In the fourth century B.C., after conquering the area, Alexander the Great founded the Asclepion, a once famous healing center, with pools, a treatment center linked to the pools by tunnel, and a theater. Under Roman rule a road was built connecting the Asclepion to Pergamon.

At its peak Pergamon reached a population of 150,000. The city center was on Pergamon hill, with the most important buildings on the top of the hill and houses and lesser buildings covering the sides and the surrounding land. Two thousand years ago this hill was covered with marble temples and buildings. Time and looting has taken a heavy toll. Archaeologists carting off choice pieces robbed it of its finest remains, but at least what they took was preserved.

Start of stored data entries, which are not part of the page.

lemma colliding_edges_third_edge:
  assumes x: "x \<in> C" and sat: "i \<in> saturated_edges C x" "i' \<in> saturated_edges C x"
    and ne: "i \<noteq> i'" and owner: "owner i = owner i'"
  shows "\<exists>x'' p. x'' \<in> C \<inter> X i \<and> x'' \<noteq> x \<and> p \<in> saturated_edges C x'' \<and> p \<noteq> i \<and> p \<noteq> i' \<and>
    owner p = owner i \<and> C \<subseteq> X p \<union> X i"
proof -
  have i: "i \<in> I" "x \<in> X i" and i': "i' \<in> I" "x \<in> X i'"
    using sat unfolding saturated_edges_def by auto
  have meet: "X i \<inter> X i' = {x}" using edges_inter_eq_singleton[OF i(1) i'(1) ne i(2) i'(2)] .
  obtain x'' where x'': "x'' \<in> C \<inter> X i" "x'' \<noteq> x"
    using exists_other_if_two_le_card[OF saturated_edge_card[OF sat(1)]] by blast
  obtain p1 p2 where p: "p1 \<in> saturated_edges C x''" "p2 \<in> saturated_edges C x''" "p1 \<noteq> p2"
      "owner p1 = owner p2"
    using saturated_owners_collide[of x''] x'' by blast
  have cover: "C \<subseteq> X p1 \<union> X p2" using covered_by_colliding_edges[OF _ p] x'' by blast
  have p_I: "p1 \<in> I" "x'' \<in> X p1" "p2 \<in> I" "x'' \<in> X p2"
    using p unfolding saturated_edges_def by auto
  have "p1 = i \<or> p2 = i"
  proof (rule ccontr)
    assume "\<not> ?thesis"
    then have "X p1 \<inter> X i = {x''}" "X p2 \<inter> X i = {x''}"
      using edges_inter_eq_singleton[OF p_I(1) i(1) _ p_I(2)]
        edges_inter_eq_singleton[OF p_I(3) i(1) _ p_I(4)] x'' by auto
    moreover have "x \<in> X p1 \<or> x \<in> X p2" using cover x by blast
    ultimately show False using i(2) x''(2) by auto
  qed
  then obtain p where p': "p \<in> saturated_edges C x''" "p \<noteq> i" "owner p = owner i" "C \<subseteq> X p \<union> X i"
  proof
    assume "p1 = i"
    then show ?thesis using that[of p2] p cover by auto
  next
    assume "p2 = i"
    then show ?thesis using that[of p1] p cover by auto
  qed
  moreover have "p \<noteq> i'"
    using p' meet x'' unfolding saturated_edges_def by blast
  ultimately show ?thesis using x'' by blast
qed

lemma circuit_owned_triangle:
  "\<exists>a b c i1 i2 i3. C = {a, b, c} \<and> owned_triangle a b c i1 i2 i3 \<and> j \<noteq> owner i1"
proof -
  obtain x where x: "x \<in> C"
    using exists_other_if_two_le_card[OF nonloop_circuit_card[OF matroid_N[OF j] finite_ground circuit]]
    by blast
  obtain i i' where sat: "i \<in> saturated_edges C x" "i' \<in> saturated_edges C x" "i \<noteq> i'"
      and owner: "owner i = owner i'"
    using saturated_owners_collide[OF x] by blast
  have i: "i \<in> I" "x \<in> X i" and i': "i' \<in> I" "x \<in> X i'"
    using sat unfolding saturated_edges_def by auto
  have meet: "X i \<inter> X i' = {x}" using edges_inter_eq_singleton[OF i(1) i'(1) sat(3) i(2) i'(2)] .
  obtain x'' p where x'': "x'' \<in> C \<inter> X i" "x'' \<noteq> x" and p: "p \<in> saturated_edges C x''" "p \<noteq> i"
      "p \<noteq> i'" "owner p = owner i" "C \<subseteq> X p \<union> X i"
    using colliding_edges_third_edge[OF x sat owner] by blast
  obtain x3 p' where "p' \<in> saturated_edges C x3" "p' \<noteq> i" "C \<subseteq> X p' \<union> X i'"
    using colliding_edges_third_edge[OF x sat(2,1) sat(3)[symmetric] owner[symmetric]] by blast
  then have p': "p' \<in> I" "p' \<noteq> i" "C \<subseteq> X p' \<union> X i'" unfolding saturated_edges_def by auto
  have pI: "p \<in> I" "x'' \<in> X p" using p unfolding saturated_edges_def by auto
  obtain y where y: "C \<inter> X i' = {x, y}" "y \<noteq> x" "y \<in> X p"
    using inter_eq_pair_if_covered[OF i(1) i'(1) pI(1) p(3) meet p(5) x saturated_edge_card[OF sat(2)]]
    by blast
  have "X i' \<inter> X i = {x}" using meet by blast
  then obtain y' where y': "C \<inter> X i = {x, y'}"
    using inter_eq_pair_if_covered[OF i'(1) i(1) p'(1,2) _ p'(3) x saturated_edge_card[OF sat(1)]]
    by blast
  then have "y' = x''" using x'' by auto
  have "C = (C \<inter> X i) \<union> (C \<inter> X i')" using covered_by_colliding_edges[OF x sat owner] by blast
  also have "\<dots> = {x, x''} \<union> {x, y}" using y(1) y' \<open>y' = x''\<close> by simp
  finally have C: "C = {x, x'', y}" by auto
  have "x \<notin> X p" using edges_eq_if_two_common[OF pI(1) i(1) _ i(2) pI(2) _ x''(2)[symmetric]] p(2)
    x'' by blast
  then have "C \<inter> X p \<subseteq> {x'', y}" unfolding C by blast
  moreover have two: "card {v, w} \<le> 2" for v w :: 'a by (simp add: card_insert_if)
  ultimately have "card (C \<inter> X p) \<le> 2" using card_mono[of "{x'', y}" "C \<inter> X p"] le_trans by blast
  then have "t p = 1" using saturated_edge_threshold_1[OF p(1)] by blast
  moreover have "t i = 1" "t i' = 1"
    using saturated_edge_threshold_1[OF sat(1)] saturated_edge_threshold_1[OF sat(2)] y(1) y' two
    by auto
  moreover have "y \<notin> X i" "x'' \<notin> X i'" using meet x'' y by blast+
  moreover have "j \<noteq> owner i" using saturated_owner_ne_circuit_class[OF sat(1)] by simp
  ultimately have "owned_triangle x x'' y i i' p \<and> j \<noteq> owner i"
    unfolding owned_triangle_def using x'' y i i' pI \<open>x \<notin> X p\<close> p(4) owner by auto
  then show ?thesis using C by blast
qed

end

end

lemma nonloop_circuit_in_edge:
  "j \<in> J \<Longrightarrow> nonloop_circuit E (N j) C \<Longrightarrow> \<exists>i\<in>I. C \<subseteq> X i"
proof (induction "card C" arbitrary: j C rule: less_induct)
  case less
  show ?case
  proof (rule ccontr)
    assume "\<not> ?case"
    then obtain a b c i1 i2 i3 where C: "C = {a, b, c}" and tri: "owned_triangle a b c i1 i2 i3"
        and j: "j \<noteq> owner i1"
      using circuit_owned_triangle[OF less.prems] less.hyps by blast
    have "{a, b, c} \<subseteq> NL j"
      using nonloop_circuit_subset_nonloops[OF matroid_N[OF less.prems(1)] finite_ground less.prems(2)] C
      by simp
    moreover have "N j {a, b, c} \<le> 2"
      using nonloop_circuit_rank[OF matroid_N[OF less.prems(1)] finite_ground less.prems(2)] C
        owned_triangleD(1-3)[OF tri] by simp
    ultimately show False using no_owned_triangle_in_other_class[OF tri less.prems(1) j] by blast
  qed
qed

section \<open>The coloring of a decomposition\<close>

lemma owners_distinct:
  assumes i: "i \<in> I" "2 \<le> card (X i)" and i': "i' \<in> I" "2 \<le> card (X i')" and ne: "i \<noteq> i'"
    and x: "x \<in> X i" "x \<in> X i'"
  shows "owner i \<noteq> owner i'"
proof
  assume owner: "owner i = owner i'"
  let ?A = "X i \<union> X i'"
  have A: "?A \<subseteq> E" "x \<in> ?A" using edge_subset i i' x by auto
  have "?A \<inter> X i = X i" "?A \<inter> X i' = X i'" by auto
  then have "i \<in> saturated_edges ?A x" "i' \<in> saturated_edges ?A x"
    using threshold_less_card i i' x unfolding saturated_edges_def by auto
  then obtain c C where c: "c \<in> J" "c \<noteq> owner i"
      and C: "nonloop_circuit E (N c) C" "x \<in> C" "C \<subseteq> ?A"
    using other_class_circuit_through[OF A _ _ ne] by blast
  obtain q where q: "q \<in> I" "C \<subseteq> X q" using nonloop_circuit_in_edge[OF c(1) C(1)] by blast
  then show False
    using class_of_circuit_in_meeting_edges[OF c(1) C(1,2) i(1) x(1) i'(1) x(2) C(3) q] c(2) owner
    by simp
qed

Before the archaeologists arrived locals were breaking up the marble and burning it to make lime. Irreplaceable treasures reduced to a very cheap chemical. Now Pergamon is a large, dusty hill covered with roads, foundations and walls; but very little remains of the beautiful marble buildings and statues.

I hiked up the hill into the ruins the next day. Very little of the city has been restored, but some of it is still standing. The old road still is usable. Wandering around nearly deserted ruins without any roped off areas or "Keep Off" signs is fun. I was walking by the remains of one building, looked down and realized I was standing on the remains of a mosaic floor. I also passed flower eating turtles (I kept my distance, they looked vicious) and a cow wearing nice jewelry. There must be a story there, but I have no idea what it is.

The following pictures were taken higher up. I think the first one is the remains of the Sanctuary of Hera, followed by a shot of the city wall and Sanctuary of Demeter. After that are some pieces of the jigsaw puzzle archaeologists face when reconstructing a city, another view of the Sanctuary of Demeter, building remnants, and a small gymnasium.

I veered off the main trail to go to the top of the hill by way of the amphitheater. On top is the partial reconstruction of the Trajan Temple. It's a pity so much marble has been carted off; if just the top of the hill could be reconstructed it would be an amazing place.

At the top of the page is a picture of the Temple of Zeus reconstructed in the Pergamon Museum in Berlin. On the way down I passed what had been the Temple of Zeus. All that remains is the foundation, with a large old tree growing in the center. Sad, but kind of cool.

Walking back to Bergama I passed the Red Palace. In the second century A.D. it was the largest temple in Roman times, covering an area of 100 by 260 meters. It was originally a temple built to Egyptian gods. In Greek and Roman times "that old time religion" meant Egypt. In the center was a hollow statue with a secret entrance underneath, used to awe the faithful by presenting a "talking" god. The temple was converted to a church in Byzantine times. I don't know if they continued using the talking statue trick.

I enjoyed my day hiking around Pergamon hill, but there was no reason to remain in Bergama afterwards. It's not a real happening town. The next morning I caught the bus to Selcuk.